È in questo senso che Casaleggio ha tradito la "sua" idea, è così che la sua utopia si è trasformata in distopia: la sua "colpa" è stata l'aver abiurato il mito della Rete, dell'esponenzialità della crescita del pensiero critico e della riflessione teorica in grado di risolvere problemi, determinare soluzioni, rimettere in circolo informazioni e nozioni. Il punto è stato l'aver impostato una comunicazione di tipo top down, depotenziando la forza dirompente del messaggio 5 Stelle sui social network (che spesso è nascosto tra click baiting, mezze bufale, allarmismo e disinformazione) e finendo con il sovrapporre "concettualmente" le pratiche aziendali a quelle politiche. Un errore, probabilmente, al cui superamento ha lavorato tanto, immaginando, certo non da solo, la soluzione.

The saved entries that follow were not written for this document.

lemma free_eval_single:
  "free_eval \<sigma> e (Poly_Mapping.single w a) = \<sigma> a * monom e (letters w)"
  by (cases "a = 0") (simp_all add: free_eval_def central_ring_hom_0)

lemma free_eval_mult_single:
  "free_eval \<sigma> e (Poly_Mapping.single w a * Poly_Mapping.single v b) =
    free_eval \<sigma> e (Poly_Mapping.single w a) * free_eval \<sigma> e (Poly_Mapping.single v b)"
proof -
  have "\<sigma> (a * b) * (monom e (letters w) * monom e (letters v))
      = \<sigma> a * monom e (letters w) * (\<sigma> b * monom e (letters v))"
    using \<sigma> unfolding central_ring_hom_def by (metis mult.assoc)
  then show ?thesis
    by (simp add: mult_single free_eval_single letters_plus monom_append)
qed

lemma free_eval_mult: "free_eval \<sigma> e (p * q) = free_eval \<sigma> e p * free_eval \<sigma> e q"
proof -
  let ?s = "\<lambda>r w. Poly_Mapping.single w (Poly_Mapping.lookup r w)"
  have "p * q = (\<Sum>v\<in>Poly_Mapping.keys q. \<Sum>w\<in>Poly_Mapping.keys p. ?s p w * ?s q v)"
    by (subst poly_mapping_sum_single[of p], subst poly_mapping_sum_single[of q])
      (simp add: sum_distrib_left sum_distrib_right)
  then have "free_eval \<sigma> e (p * q) = (\<Sum>v\<in>Poly_Mapping.keys q. \<Sum>w\<in>Poly_Mapping.keys p.
      free_eval \<sigma> e (?s p w) * free_eval \<sigma> e (?s q v))"
    by (simp add: free_eval_sum free_eval_mult_single)
  also have "\<dots> = free_eval \<sigma> e p * free_eval \<sigma> e q"
    by (subst (3) poly_mapping_sum_single[of p], subst (3) poly_mapping_sum_single[of q])
      (simp add: free_eval_sum sum_distrib_left sum_distrib_right sum.swap[of _ "Poly_Mapping.keys p"])
  finally show ?thesis .
qed

lemma free_eval_1: "free_eval \<sigma> e 1 = 1"
proof -
  have "letters 0 = []"
    by (simp add: zero_word_def)
  then show ?thesis
    using \<sigma> free_eval_single[of 0 1] by (simp add: central_ring_hom_def)
qed

lemma free_eval_fgen: "free_eval \<sigma> e (fgen x) = e x"
  using \<sigma> by (simp add: fgen_def free_eval_single central_ring_hom_def)

lemma free_eval_sl2_ideal:
  assumes "sl2_triple e" and "x \<in> sl2_ideal"
  shows "free_eval \<sigma> e x = 0"
  using assms(2)
proof (induction rule: sl2_ideal.induct)
  case zero
  then show ?case by (simp add: free_eval_0)
next
  case (gen r a b)
  have "free_eval \<sigma> e 2 = 2"
    by (metis free_eval_add free_eval_1 one_add_one)
  with gen assms(1) have "free_eval \<sigma> e r = 0"
    by (auto simp: sl2_rels_def sl2_triple_def free_eval_diff free_eval_add free_eval_mult
        free_eval_fgen)
  then show ?case by (simp add: free_eval_mult)
next
  case (add x y)
  then show ?case by (simp add: free_eval_add)
qed

end

definition usl2_lift :: "('k::comm_ring_1 \<Rightarrow> 'r::ring_1) \<Rightarrow> (gen \<Rightarrow> 'r) \<Rightarrow> 'k usl2 \<Rightarrow> 'r" where
  "usl2_lift \<sigma> e u = free_eval \<sigma> e (rep_usl2 u)"

lemma usl2_lift_abs:
  assumes "central_ring_hom \<sigma>" and "sl2_triple e"
  shows "usl2_lift \<sigma> e (abs_usl2 p) = free_eval \<sigma> e p"
proof -
  have "sl2_rel (rep_usl2 (abs_usl2 p)) p"
    by (metis Quotient3_rep_abs Quotient3_usl2 equivp_sl2_rel equivp_symp sl2_rel_refl)
  then have "free_eval \<sigma> e (rep_usl2 (abs_usl2 p) - p) = 0"
    using free_eval_sl2_ideal[OF assms] by (simp add: sl2_rel_def)
  then show ?thesis
    using free_eval_diff[OF assms(1)] by (simp add: usl2_lift_def)
qed

lemma usl2_lift:
  assumes \<sigma>: "central_ring_hom \<sigma>" and e: "sl2_triple e"
  shows "usl2_alg_hom \<sigma> (usl2_lift \<sigma> e)" and "usl2_lift \<sigma> e (usl2_gen x) = e x"
proof -
  note abs = usl2_lift_abs[OF \<sigma> e]
  show "usl2_lift \<sigma> e (usl2_gen x) = e x"
    using abs free_eval_fgen[OF \<sigma>] abs_usl2_fgen by metis
  show "usl2_alg_hom \<sigma> (usl2_lift \<sigma> e)"
    unfolding usl2_alg_hom_def
  proof (intro conjI allI)
    show "usl2_lift \<sigma> e 1 = 1"
      using abs free_eval_1[OF \<sigma>] abs_usl2_1 by metis
    fix a b :: "'a usl2"
    obtain p q where "a = abs_usl2 p" "b = abs_usl2 q"
      using abs_usl2_surj by metis
    then show "usl2_lift \<sigma> e (a + b) = usl2_lift \<sigma> e a + usl2_lift \<sigma> e b"
      and "usl2_lift \<sigma> e (a * b) = usl2_lift \<sigma> e a * usl2_lift \<sigma> e b"
      using abs free_eval_add[OF \<sigma>] free_eval_mult[OF \<sigma>] abs_usl2_add abs_usl2_mult by metis+
  next
    fix c and u :: "'a usl2"
    obtain p where "u = abs_usl2 p"
      using abs_usl2_surj by metis
    then show "usl2_lift \<sigma> e (usl2_of c * u) = \<sigma> c * usl2_lift \<sigma> e u"
      using abs free_eval_mult[OF \<sigma>] abs_usl2_mult usl2_of.abs_eq
        free_eval_single[OF \<sigma>, where w=0 and a=c]
      by (metis monom.simps(1) mult_1_right letters.simps zero_word_def)
  qed
qed

lemma usl2_alg_hom_0: "usl2_alg_hom \<sigma> h \<Longrightarrow> h 0 = 0"
  unfolding usl2_alg_hom_def by (metis add_0 add_cancel_right_right)

lemma usl2_alg_hom_sum: "usl2_alg_hom \<sigma> h \<Longrightarrow> h (sum f S) = (\<Sum>x\<in>S. h (f x))"
  by (induction S rule: infinite_finite_induct)
    (auto simp: usl2_alg_hom_0, simp add: usl2_alg_hom_def)

lemma usl2_alg_hom_of: "usl2_alg_hom \<sigma> h \<Longrightarrow> h (usl2_of c) = \<sigma> c"
  unfolding usl2_alg_hom_def by (metis mult_1_right)

lemma usl2_alg_hom_eqI:
  fixes h1 h2 :: "'k::comm_ring_1 usl2 \<Rightarrow> 'r::ring_1"
  assumes h1: "usl2_alg_hom \<sigma> h1" and h2: "usl2_alg_hom \<sigma> h2"
    and gen: "\<And>x. h1 (usl2_gen x) = h2 (usl2_gen x)"
  shows "h1 = h2"
proof
  fix u :: "'k usl2"
  have monom: "h1 (usl2_monom l) = h2 (usl2_monom l)" for l
    by (induction l) (use h1 h2 gen in \<open>simp_all add: usl2_alg_hom_def\<close>)
  have monom_term: "h1 (usl2_of c * usl2_monom l) = h2 (usl2_of c * usl2_monom l)" for c l
    using h1 h2 monom unfolding usl2_alg_hom_def by metis
  obtain S c where "u = (\<Sum>l\<in>S. usl2_of (c l) * usl2_monom l)"
    using usl2_monom_span by blast
  then show "h1 u = h2 u"
    by (simp add: usl2_alg_hom_sum[OF h1] usl2_alg_hom_sum[OF h2] monom_term)
qed

definition ad :: "'a::ring_1 \<Rightarrow> 'a \<Rightarrow> 'a" where
  "ad a x = a * x - x * a"

lemma ad_add: "ad a (x + y) = ad a x + ad a y"
  by (simp add: ad_def algebra_simps)

lemma ad_diff: "ad a (x - y) = ad a x - ad a y"
  by (simp add: ad_def algebra_simps)

lemma ad_uminus: "ad a (- x) = - ad a x"
  by (simp add: ad_def algebra_simps)

lemma ad_left_add: "ad (a + b) x = ad a x + ad b x"
  by (simp add: ad_def algebra_simps)

lemma ad_left_uminus: "ad (- a) x = - ad a x"
  by (simp add: ad_def algebra_simps)

lemma ad_0 [simp]: "ad a 0 = 0"
  by (simp add: ad_def)

lemma ad_1 [simp]: "ad a 1 = 0"
  by (simp add: ad_def)

lemma ad_sum: "ad a (sum f S) = (\<Sum>x\<in>S. ad a (f x))"
  by (induction S rule: infinite_finite_induct) (simp_all add: ad_add)

lemma ad_mult: "ad a (x * y) = ad a x * y + x * ad a y"
  by (simp add: ad_def algebra_simps)

lemma ad_mult_commuting: "a * c = c * a \<Longrightarrow> ad a (c * x) = c * ad a x"
  by (simp add: ad_def right_diff_distrib mult.assoc[symmetric])

lemma ad_of_nat: "ad a (of_nat n * x) = of_nat n * ad a x"
  by (rule ad_mult_commuting) (simp add: mult_of_nat_commute)

lemma ad_of_int: "ad a (of_int n * x) = of_int n * ad a x"
  by (rule ad_mult_commuting) (simp add: mult_of_int_commute)

lemma ad_usl2_of: "ad a (usl2_of c * x) = usl2_of c * ad a x"
  by (rule ad_mult_commuting) (simp add: usl2_of_central)

lemma ad_jacobi: "ad a (ad b x) = ad b (ad a x) + ad (ad a b) x"
  by (simp add: ad_def algebra_simps)

lemma ad_power_add: "(ad a ^^ n) (x + y) = (ad a ^^ n) x + (ad a ^^ n) y"
  by (induction n) (simp_all add: ad_add)

lemma ad_power_0 [simp]: "(ad a ^^ n) 0 = 0"
  by (induction n) simp_all

lemma ad_power_sum: "(ad a ^^ n) (sum f S) = (\<Sum>x\<in>S. (ad a ^^ n) (f x))"
  by (induction S rule: infinite_finite_induct) (simp_all add: ad_power_add)

lemma ad_power_usl2_of: "(ad a ^^ n) (usl2_of c * x) = usl2_of c * (ad a ^^ n) x"
  by (induction n) (simp_all add: ad_usl2_of)

lemma ad_power_mono:
  assumes "(ad a ^^ m) x = 0" and "m \<le> n"
  shows "(ad a ^^ n) x = 0"
proof -
  have "ad a ^^ n = ad a ^^ (n - m) \<circ> ad a ^^ m"
    using assms(2) by (simp add: funpow_add[symmetric])
  then show ?thesis
    by (simp add: assms(1))
qed

lemma ad_power_mult_eq_0:
  "i + j = n \<Longrightarrow> (ad a ^^ i) x = 0 \<Longrightarrow> (ad a ^^ j) y = 0 \<Longrightarrow> (ad a ^^ n) (x * y) = 0"
proof (induction n arbitrary: i j x y)
  case (Suc n)
  have "(ad a ^^ Suc n) (x * y) = (ad a ^^ n) (ad a x * y) + (ad a ^^ n) (x * ad a y)"
    by (simp add: funpow_Suc_right ad_mult ad_power_add del: funpow.simps)
  moreover have "(ad a ^^ n) (ad a x * y) = 0"
  proof (cases i)
    case (Suc i')
    then show ?thesis
      using Suc.IH[of i' j "ad a x" y] Suc.prems by (simp add: funpow_Suc_right del: funpow.simps)
  qed (use Suc.prems in simp)
  moreover have "(ad a ^^ n) (x * ad a y) = 0"
  proof (cases j)
    case (Suc j')
    then show ?thesis
      using Suc.IH[of i j' x "ad a y"] Suc.prems by (simp add: funpow_Suc_right del: funpow.simps)
  qed (use Suc.prems in simp)
  ultimately show ?case by simp
qed simp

Che rappresenta parte consistente dell'eredità che Casaleggio lascia al M5S. È Rousseau, il sistema operativo lungamente atteso che nelle intenzioni rappresenterà uno strumento essenziale, non solo per la partecipazione degli iscritti al percorso decisionale, ma anche per la fase di controllo dell'attività degli eletti, per la loro selezione e crescita politica. Uno strumento che però avrà senso solo se consentirà al Movimento di ripensare sé stesso, di evolvere, di cambiare continuamente.
Da ultimo, ma non per importanza, va considerato che in Rousseau c'è anche la traccia per la stabilizzazione finanziaria del Movimento 5 Stelle, con la volontà di puntare sul crowdfunding per sopperire alla rinuncia al finanziamento pubblico senza compromettere "l'integrità" del lavoro parlamentare con delle pratiche che innervosiscono non poco militanti e attivisti della prima ora.